Items from a dataset
lemma candidates_length_bounded:
  assumes "normed Rules"
  obtains n where "\<forall>\<delta> \<in> candidates Rules \<alpha> \<gamma>. length \<delta> \<le> n"
proof -
  obtain n where n: "branching_norm_le Rules (\<alpha> @ \<gamma>) n"
    using normed_branching_norm_le[OF assms] .
  have "length \<delta> \<le> n" if "\<delta> \<in> candidates Rules \<alpha> \<gamma>" for \<delta>
  proof -
    have "branching_norm_le Rules (\<delta> @ \<gamma>) n"
      using branching_norm_le_bbisim[OF assms n] that bbisim_sym unfolding candidates_def by blast
    with that show ?thesis
      using redundancy_free_norm_bound unfolding candidates_def by fastforce
  qed
  then show thesis using that by blast
qed

lemma candidates_Nil:
  assumes "normed Rules"
  shows "candidates Rules [] \<gamma> = {[]}"
proof -
  have "\<delta> = []" if "\<delta> \<in> candidates Rules [] \<gamma>" for \<delta>
  proof (cases \<delta>)
    case (Cons X \<beta>)
    with that have h: "bbisim Rules (X # \<beta> @ \<gamma>) \<gamma>" "redundancy_free Rules (X # \<beta>) \<gamma>"
      unfolding candidates_def by auto
    have "bbisim Rules (\<beta> @ \<gamma>) \<gamma>" using bbisim_collapse[OF assms, of "[X]" \<beta> \<gamma>] h(1) by simp
    with h show ?thesis by (auto simp: redundancy_free_Cons intro: bbisim_trans bbisim_sym)
  qed
  then show ?thesis by (auto simp: candidates_def bbisim_refl)
qed

lemma canon_out_least_longest:
  fixes Rules :: "('v::{finite,linorder} \<times> 'a act \<times> 'v list) set"
  assumes "normed Rules"
  shows "least_longest (candidates Rules [A] \<gamma>) (canon_out Rules \<gamma> A)"
proof -
  have "candidates Rules [A] \<gamma> \<noteq> {}"
  proof (cases "bbisim Rules (A # \<gamma>) \<gamma>")
    case True
    then have "[] \<in> candidates Rules [A] \<gamma>" unfolding candidates_def by (simp add: bbisim_sym)
    then show ?thesis by blast
  next
    case False
    then have "[A] \<in> candidates Rules [A] \<gamma>"
      unfolding candidates_def by (simp add: bbisim_refl redundancy_free_Cons)
    then show ?thesis by blast
  qed
  moreover obtain n where "\<forall>\<delta> \<in> candidates Rules [A] \<gamma>. length \<delta> \<le> n"
    using candidates_length_bounded[OF assms] .
  ultimately obtain x where "least_longest (candidates Rules [A] \<gamma>) x"
    by (rule least_longest_exists)
  then show ?thesis
    unfolding canon_out_eq_least_longest by (auto intro: theI least_longest_unique)
qed

section \<open>Longest candidates split\<close>

abbreviation bpa_moves_within :: "('v \<times> 'a act \<times> 'v list) set \<Rightarrow> 'v list set \<Rightarrow> 'v list \<Rightarrow> 'v list \<Rightarrow> bool"
  where "bpa_moves_within Rules Q \<equiv> (\<lambda>x y. (\<exists>a. bpa_step Rules x a y) \<and> y \<in> Q)\<^sup>*\<^sup>*"

lemma tau_path_moves_within:
  "tau_path (bpa_step Rules) t ts \<Longrightarrow> set ts \<subseteq> Q \<Longrightarrow> bpa_moves_within Rules Q t (last (t # ts))"
proof (induction ts arbitrary: t)
  case (Cons u us)
  then have "bpa_moves_within Rules Q u (last (u # us))" "(\<exists>a. bpa_step Rules t a u) \<and> u \<in> Q"
    by auto
  then show ?case by (auto intro: converse_rtranclp_into_rtranclp)
qed simp

lemma bpa_moves_within_bbisim:
  assumes "bpa_moves_within Rules P s s'" "s \<in> P" "bbisim Rules s t"
  obtains t' where "bbisim Rules s' t'" "bpa_moves_within Rules {z. \<exists>p \<in> P. bbisim Rules p z} t t'"
proof -
  let ?P = "{z. \<exists>p \<in> P. bbisim Rules p z}"
  have "\<exists>t'. bbisim Rules s' t' \<and> bpa_moves_within Rules ?P t t'"
    using assms
  proof (induction arbitrary: t rule: converse_rtranclp_induct)
    case base
    then show ?case by blast
  next
    case (step y z)
    then obtain a where m: "bpa_step Rules y a z" and "z \<in> P" by blast
    from bbisim_match[OF step.prems(2) m] show ?case
    proof (cases rule: branching_matchE)
      case 1
      with step.IH \<open>z \<in> P\<close> show ?thesis by simp
    next
      case (2 ts t1)
      have "set ts \<subseteq> ?P" using 2(4) step.prems(1) by blast
      then have "bpa_moves_within Rules ?P t (last (t # ts))" by (rule tau_path_moves_within[OF 2(1)])
      moreover have "t1 \<in> ?P" using \<open>z \<in> P\<close> 2(3) by blast
      ultimately have "bpa_moves_within Rules ?P t t1"
        using 2(2) by (blast intro: rtranclp.rtrancl_into_rtrancl)
      moreover obtain t' where "bbisim Rules s' t'" "bpa_moves_within Rules ?P t1 t'"
        using step.IH[OF \<open>z \<in> P\<close>] 2(3) by auto
      ultimately show ?thesis by (blast intro: rtranclp_trans)
    qed
  qed
  then show thesis using that by blast
qed

text \<open>Y is the variable of \<open>\<sigma>\<close> that is being consumed at u.\<close>

lemma bpa_moves_within_split:
  assumes "bpa_moves_within Rules Q (\<sigma> @ w) u" "\<sigma> @ w \<in> Q"
  shows "w \<in> Q \<or> (\<exists>\<sigma>1 Y \<sigma>2 \<mu>. \<sigma> = \<sigma>1 @ Y # \<sigma>2 \<and> \<mu> \<noteq> [] \<and> u = \<mu> @ \<sigma>2 @ w \<and> Y # \<sigma>2 @ w \<in> Q)"
  using assms(1)
proof (induction rule: rtranclp_induct)
  case base
  show ?case
  proof (cases \<sigma>)
    case Nil
    then show ?thesis using assms(2) by simp
  next
    case (Cons Y \<sigma>2)
    then show ?thesis using assms(2) by (intro disjI2 exI[of _ "[]"] exI[of _ "[Y]"]) auto
  qed
next
  case (step u u')
  from step.IH show ?case
  proof (elim disjE exE conjE)
    fix \<sigma>1 Y \<sigma>2 \<mu> assume h: "\<sigma> = \<sigma>1 @ Y # \<sigma>2" "\<mu> \<noteq> []" "u = \<mu> @ \<sigma>2 @ w" "Y # \<sigma>2 @ w \<in> Q"
    from step.hyps(2) h(2,3) obtain a \<mu>' where "u' = \<mu>' @ \<sigma>2 @ w" "u' \<in> Q"
      by (auto elim: bpa_step_appendE)
    show ?thesis
    proof (cases "\<mu>' = []")
      case False
      with h(1,4) \<open>u' = \<mu>' @ \<sigma>2 @ w\<close> show ?thesis by blast
    next
      case True
      show ?thesis
      proof (cases \<sigma>2)
        case Nil
        with True \<open>u' = \<mu>' @ \<sigma>2 @ w\<close> \<open>u' \<in> Q\<close> show ?thesis by simp
      next
        case (Cons Y' \<sigma>2')
        with True h(1) \<open>u' = \<mu>' @ \<sigma>2 @ w\<close> \<open>u' \<in> Q\<close> show ?thesis
          by (intro disjI2 exI[of _ "\<sigma>1 @ [Y]"] exI[of _ Y'] exI[of _ \<sigma>2'] exI[of _ "[Y']"]) auto
      qed
    qed
  qed simp
qed

lemma bpa_moves_within_append:
  "bpa_moves Rules x y \<Longrightarrow> bpa_moves_within Rules {\<nu> @ w | \<nu>. bpa_moves Rules x \<nu>} (x @ w) (y @ w)"
proof (induction rule: rtranclp_induct)
  case (step y z)
  then have "(\<exists>a. bpa_step Rules (y @ w) a (z @ w)) \<and> z @ w \<in> {\<nu> @ w | \<nu>. bpa_moves Rules x \<nu>}"
    by (blast intro: bpa_step_append rtranclp.rtrancl_into_rtrancl)
  with step.IH show ?case by (rule rtranclp.rtrancl_into_rtrancl)
qed simp

text \<open>Replacing Y by redundancy-free reducts of \<open>\<nu>\<close> and \<open>\<mu>\<close>, both non-empty,
  lengthens the candidate.\<close>

lemma candidate_longer:
  assumes N: "normed Rules" and \<delta>: "\<sigma>1 @ Y # \<sigma>2 \<in> candidates Rules \<alpha> \<gamma>"
    and \<nu>: "bbisim Rules (\<nu> @ A # \<gamma>) (Y # \<sigma>2 @ \<gamma>)" and \<mu>: "bbisim Rules (\<mu> @ \<sigma>2 @ \<gamma>) (A # \<gamma>)"
    and not_\<sigma>2: "\<not> bbisim Rules (\<sigma>2 @ \<gamma>) (A # \<gamma>)" and not_\<nu>: "\<not> bbisim Rules (\<nu> @ A # \<gamma>) (A # \<gamma>)"
  obtains \<delta>' where "\<delta>' \<in> candidates Rules \<alpha> \<gamma>" "length (\<sigma>1 @ Y # \<sigma>2) < length \<delta>'"
proof -
  let ?v = "\<sigma>2 @ \<gamma>"
  obtain \<mu>' where \<mu>': "bbisim Rules (\<mu>' @ ?v) (\<mu> @ ?v)" "redundancy_free Rules \<mu>' ?v"
    using redundancy_free_reduct by blast
  obtain \<nu>' where \<nu>': "bbisim Rules (\<nu>' @ \<mu>' @ ?v) (\<nu> @ \<mu>' @ ?v)" "redundancy_free Rules \<nu>' (\<mu>' @ ?v)"
    using redundancy_free_reduct by blast
  have \<mu>'A: "bbisim Rules (\<mu>' @ ?v) (A # \<gamma>)" using \<mu>'(1) \<mu> by (rule bbisim_trans)
  then have "\<mu>' \<noteq> []" using not_\<sigma>2 by auto
  have \<nu>A: "bbisim Rules (\<nu> @ \<mu>' @ ?v) (\<nu> @ A # \<gamma>)" using \<mu>'A by (rule bbisim_append_left)
  have "\<nu>' \<noteq> []"
  proof
    assume "\<nu>' = []"
    with \<nu>'(1) \<nu>A \<mu>'A have "bbisim Rules (\<nu> @ A # \<gamma>) (A # \<gamma>)"
      by (metis append_Nil bbisim_sym bbisim_trans)
    with not_\<nu> show False ..
  qed
  have core: "bbisim Rules ((\<nu>' @ \<mu>' @ \<sigma>2) @ \<gamma>) (Y # ?v)"
    using bbisim_trans[OF bbisim_trans[OF \<nu>'(1) \<nu>A] \<nu>] by simp
  define \<delta>' where "\<delta>' = \<sigma>1 @ \<nu>' @ \<mu>' @ \<sigma>2"
  have "bbisim Rules (\<delta>' @ \<gamma>) ((\<sigma>1 @ Y # \<sigma>2) @ \<gamma>)"
    using bbisim_append_left[OF core, of \<sigma>1] unfolding \<delta>'_def by simp
  moreover have "redundancy_free Rules \<delta>' \<gamma>"
  proof -
    have "redundancy_free Rules \<sigma>1 (Y # ?v)" "redundancy_free Rules \<sigma>2 \<gamma>"
      using \<delta> by (auto simp: candidates_def redundancy_free_append redundancy_free_Cons)
    then show ?thesis
      using \<nu>'(2) \<mu>'(2) redundancy_free_bbisim[OF bbisim_sym[OF core]]
      unfolding \<delta>'_def by (simp add: redundancy_free_append)
  qed
  ultimately have "\<delta>' \<in> candidates Rules \<alpha> \<gamma>"
    using \<delta> unfolding candidates_def by (auto intro: bbisim_trans)
  moreover have "length (\<sigma>1 @ Y # \<sigma>2) < length \<delta>'"
    using \<open>\<mu>' \<noteq> []\<close> \<open>\<nu>' \<noteq> []\<close> unfolding \<delta>'_def by (cases \<nu>'; cases \<mu>') auto
  ultimately show thesis by (rule that)
qed

text \<open>Follow the path from \<open>\<alpha>' @ A # \<gamma>\<close> down to \<open>A # \<gamma>\<close> (it exists by
  normedness) from the bisimilar process \<open>\<delta> @ \<gamma>\<close>, and look at the variable of \<open>\<delta>\<close>
  being consumed when the mirrored path reaches a process bisimilar to \<open>A # \<gamma>\<close>.\<close>

lemma candidate_split_or_longer:
  assumes N: "normed Rules" and \<delta>: "\<delta> \<in> candidates Rules (\<alpha>' @ [A]) \<gamma>"
  shows "(\<exists>\<delta>1 \<delta>2. \<delta> = \<delta>1 @ \<delta>2 \<and> bbisim Rules (\<delta>2 @ \<gamma>) (A # \<gamma>)) \<or>
    (\<exists>\<delta>' \<in> candidates Rules (\<alpha>' @ [A]) \<gamma>. length \<delta> < length \<delta>')"
proof -
  have \<delta>\<alpha>: "bbisim Rules (\<alpha>' @ A # \<gamma>) (\<delta> @ \<gamma>)"
    using \<delta> unfolding candidates_def by (auto intro: bbisim_sym)
  define P where "P = {\<nu> @ A # \<gamma> | \<nu>. bpa_moves Rules \<alpha>' \<nu>}"
  let ?P = "{z. \<exists>p \<in> P. bbisim Rules p z}"
  have "\<alpha>' @ A # \<gamma> \<in> P" unfolding P_def by blast
  moreover have "bpa_moves_within Rules P (\<alpha>' @ A # \<gamma>) ([] @ A # \<gamma>)"
    unfolding P_def by (rule bpa_moves_within_append[OF normed_moves_Nil[OF N]])
  ultimately obtain t' where t': "bbisim Rules (A # \<gamma>) t'" "bpa_moves_within Rules ?P (\<delta> @ \<gamma>) t'"
    using \<delta>\<alpha> by (auto elim: bpa_moves_within_bbisim)
  have "\<delta> @ \<gamma> \<in> ?P" using \<open>\<alpha>' @ A # \<gamma> \<in> P\<close> \<delta>\<alpha> by blast
  from bpa_moves_within_split[OF t'(2) this] show ?thesis
  proof (elim disjE exE conjE)
    assume "\<gamma> \<in> ?P"
    then obtain \<nu> where "bbisim Rules (\<nu> @ [A] @ \<gamma>) \<gamma>" unfolding P_def by auto
    from bbisim_collapse[OF N this] have "bbisim Rules ([] @ \<gamma>) (A # \<gamma>)"
      by (simp add: bbisim_sym)
    then show ?thesis by blast
  next
    fix \<sigma>1 Y \<sigma>2 \<mu> assume h: "\<delta> = \<sigma>1 @ Y # \<sigma>2" "t' = \<mu> @ \<sigma>2 @ \<gamma>" "Y # \<sigma>2 @ \<gamma> \<in> ?P"
    then obtain \<nu> where \<nu>: "bbisim Rules (\<nu> @ A # \<gamma>) (Y # \<sigma>2 @ \<gamma>)" unfolding P_def by blast
    have \<mu>: "bbisim Rules (\<mu> @ \<sigma>2 @ \<gamma>) (A # \<gamma>)" using t'(1) h(2) by (simp add: bbisim_sym)
    consider "bbisim Rules (\<sigma>2 @ \<gamma>) (A # \<gamma>)" | "bbisim Rules (\<nu> @ A # \<gamma>) (A # \<gamma>)"
      | "\<not> bbisim Rules (\<sigma>2 @ \<gamma>) (A # \<gamma>)" "\<not> bbisim Rules (\<nu> @ A # \<gamma>) (A # \<gamma>)"
      by blast
    then show ?thesis
    proof cases
      case 1
      then show ?thesis using h(1) by (intro disjI1 exI[of _ "\<sigma>1 @ [Y]"] exI[of _ \<sigma>2]) simp
    next
      case 2
      then have "bbisim Rules ((Y # \<sigma>2) @ \<gamma>) (A # \<gamma>)"
        using \<nu> by (auto intro: bbisim_trans bbisim_sym)
      then show ?thesis using h(1) by blast
    next
      case 3
      with candidate_longer[OF N \<delta>[unfolded h(1)] \<nu> \<mu>] show ?thesis
        unfolding h(1) by blast
    qed
  qed
qed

#### [Task details]
Word for word, restate the lines above from the line containing "P\<close> \<delta>\<alpha> by blast" through the line containing "# \<sigma>2 @ \<gamma> \<in>", with both included and nothing else.

#### [Solution for this exercise]
  have "\<delta> @ \<gamma> \<in> ?P" using \<open>\<alpha>' @ A # \<gamma> \<in> P\<close> \<delta>\<alpha> by blast
  from bpa_moves_within_split[OF t'(2) this] show ?thesis
  proof (elim disjE exE conjE)
    assume "\<gamma> \<in> ?P"
    then obtain \<nu> where "bbisim Rules (\<nu> @ [A] @ \<gamma>) \<gamma>" unfolding P_def by auto
    from bbisim_collapse[OF N this] have "bbisim Rules ([] @ \<gamma>) (A # \<gamma>)"
      by (simp add: bbisim_sym)
    then show ?thesis by blast
  next
    fix \<sigma>1 Y \<sigma>2 \<mu> assume h: "\<delta> = \<sigma>1 @ Y # \<sigma>2" "t' = \<mu> @ \<sigma>2 @ \<gamma>" "Y # \<sigma>2 @ \<gamma> \<in> ?P"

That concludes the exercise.